De ROB's en RVT's, die in het bijzonder getroffen zijn, worden nog steeds regelmatig opgevolgd door de Diensten van het Verenigd College voor wat betreft hun behoeften aan psychologische ondersteuning.

Met de hulp van het Rode Kruis en Artsen zonder Grenzen, heeft de MGD “Rivage” gevolg kunnen geven aan meer dan zeventig verzoeken, waarvan sommige werden afgehandeld en andere nog steeds in behandeling zijn.

66% van de verzoeken heeft betrekking op professionals.

De doelstellingen van deze acties ter plaatse zijn de volgende: het bieden van een luisterend oor en ondersteuning aan de directie, de zorgteams, indien nodig, en/of de bewoners; het valoriseren van het geleverde werk; de directie en haar team in staat stellen de middelen te vinden om voor de bewoners te zorgen; het bevorderen van een gevoel van veiligheid en samenhang tegenover het virus; de aandacht vestigen op de noodzaak om gesteund te worden en voor zichzelf te zorgen; het bieden van ademruimte om communicaties mogelijk te maken tussen de leden van de groep in een veilige omgeving.

Er wordt ook een klinisch ondersteuningssysteem voor de teams ontwikkeld op het niveau van de Franse Gemeenschapscommissie (COCOF) en dit systeem zou door alle teams in de sociale gezondheidssector kunnen worden gemobiliseerd.
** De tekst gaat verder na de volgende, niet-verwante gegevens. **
lemma e_f_commutator_fps:
  "diff_uv * (eu * fv - fv * eu)
     = prod_uv * (in_u (Abs_fps (ser_inv (k (-1)) \<star> k 0)) - in_v (Abs_fps (ser_inv (k (-1)) \<star> k 0)))"
proof -
  define kinv where "kinv = Abs_fps (ser_inv (k (-1)))"
  have "k (-1) 0 = 1" using gauss unfolding is_gauss_decomp_def idx3_def by simp
  note inv = Abs_fps_ser_inv[of "k (-1)", OF this, folded kinv_def]
  have inv_uv: "in_u kinv * kmu = 1" "in_v kinv * kmv = 1" "kmv * in_v kinv = 1"
    by (simp_all add: inv in_u_1 in_v_1 flip: in_u_mult in_v_mult)
  have comm: "kmu * kmv = kmv * kmu"
    by (simp add: in_u_in_v_commute_iff k_minus_one_coeffs_commute)
  note ke = uv.k_e_relation[OF inv_uv(2) comm rtt_k_ke]
  note kf = uv.k_f_relation[OF inv_uv(3) comm rtt_k_fk]
  note ek = uv.e_k_relation[OF inv_uv(1) comm rtt_ke_k]
  have kk0: "kmu * k0v = k0v * kmu"
    by (rule uv.k_k0_commute[OF comm ke kf rtt_k_fke])
  then have "Abs_fps (k (-1)) * Abs_fps (k 0) = Abs_fps (k 0) * Abs_fps (k (-1))"
    by (intro fps_commute_if_coeffs_commute) (simp add: in_u_in_v_commute_iff)
  then have kk0': "kmv * k0v = k0v * kmv"
    by (simp flip: in_v_mult)
  have "diff_uv * (eu * fv - fv * eu) = prod_uv * (in_u kinv * k0u - in_v kinv * k0v)"
    by (rule uv.e_f_commutator[OF inv_uv kk0 kk0'
          uv.conjugated_e_f_commutator[OF comm ke ek kf rtt_ke_fk]])
  then show ?thesis
    by (simp add: kinv_def Abs_fps_ser_mult in_u_mult in_v_mult)
qed

lemma e_f_commutator_coeff:
  "e (-1) 0 p * f 0 (-1) q - f 0 (-1) q * e (-1) 0 p = ser_ddiff (ser_inv (k (-1)) \<star> k 0) p q"
proof -
  have "e (-1) 0 0 = 0" using gauss unfolding is_gauss_decomp_def idx3_def by simp
  then show ?thesis
    using ser_ddiff_unique[OF e_f_commutator_fps, of p q] by simp
qed

end

theorem proposition3p3:
  fixes t :: "int \<Rightarrow> int \<Rightarrow> 'a::real_algebra_1 ser"
    and k :: "int \<Rightarrow> 'a ser"
    and e f :: "int \<Rightarrow> int \<Rightarrow> 'a ser"
  assumes "YR_so3_rel t"
    and "is_gauss_decomp t k e f"
  shows "\<forall>p q. e (-1) 0 p * f 0 (-1) q - f 0 (-1) q * e (-1) 0 p
               = ser_ddiff (ser_inv (k (-1)) \<star> k 0) p q"
proof -
  interpret YR_so3_gauss t k e f using assms by unfold_locales
  show ?thesis using e_f_commutator_coeff by blast
qed

end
Bovendien staan deze bezorgdheden ook centraal in het regelmatige overleg met de sociale partners.

In het kader van het herstelplan werden aan het Verenigd College psychologische ondersteuningsmaatregelen voorgesteld.

Wat de herschikking van het seniorenbeleid betreft, blijft de Gewestelijke Beleidsverklaring ons kompas.

We willen gewoon het uitvoeringsproces ervan versnellen door iedereen de garantie te bieden dat hij of zij thuis kan blijven als hij of zij dat wil en dit onder goede omstandigheden.

Dit kan worden bereikt door het vergroten van het aanbod aan thuiszorgdiensten, het creëren van een sociaal netwerk in de dichtstbevolkte wijken en het aanbieden van meer dag(zorg)centra.

Hiervoor is ook een betere integratie van de ROB-RVT’s in elke betrokken wijk nodig.

De sociale partners zijn en blijven bij deze denkoefeningen betrokken, hetzij in het kader van een specifiek overleg, hetzij via het gemeenschappelijke beheerssysteem van Iriscare.

Voor wat de verschillende vereiste personeelsprofielen en de beste mix van de te weerhouden profielen betreft, is het is nog te vroeg om hierover een definitieve uitspraak te doen.

Hiervoor is eerst een grondige analyse met de deskundigen nodig.

Het is echter al duidelijk dat de verhoogde aanwezigheid van psychologen en logopedisten noodzakelijk is.

Sommigen overwegen de mogelijke oprichting van een ROB-RVT-Iris-netwerk.

Deze denkoefening is aan de gang, maar werd momenteel nog op geen enkele manier geformaliseerd.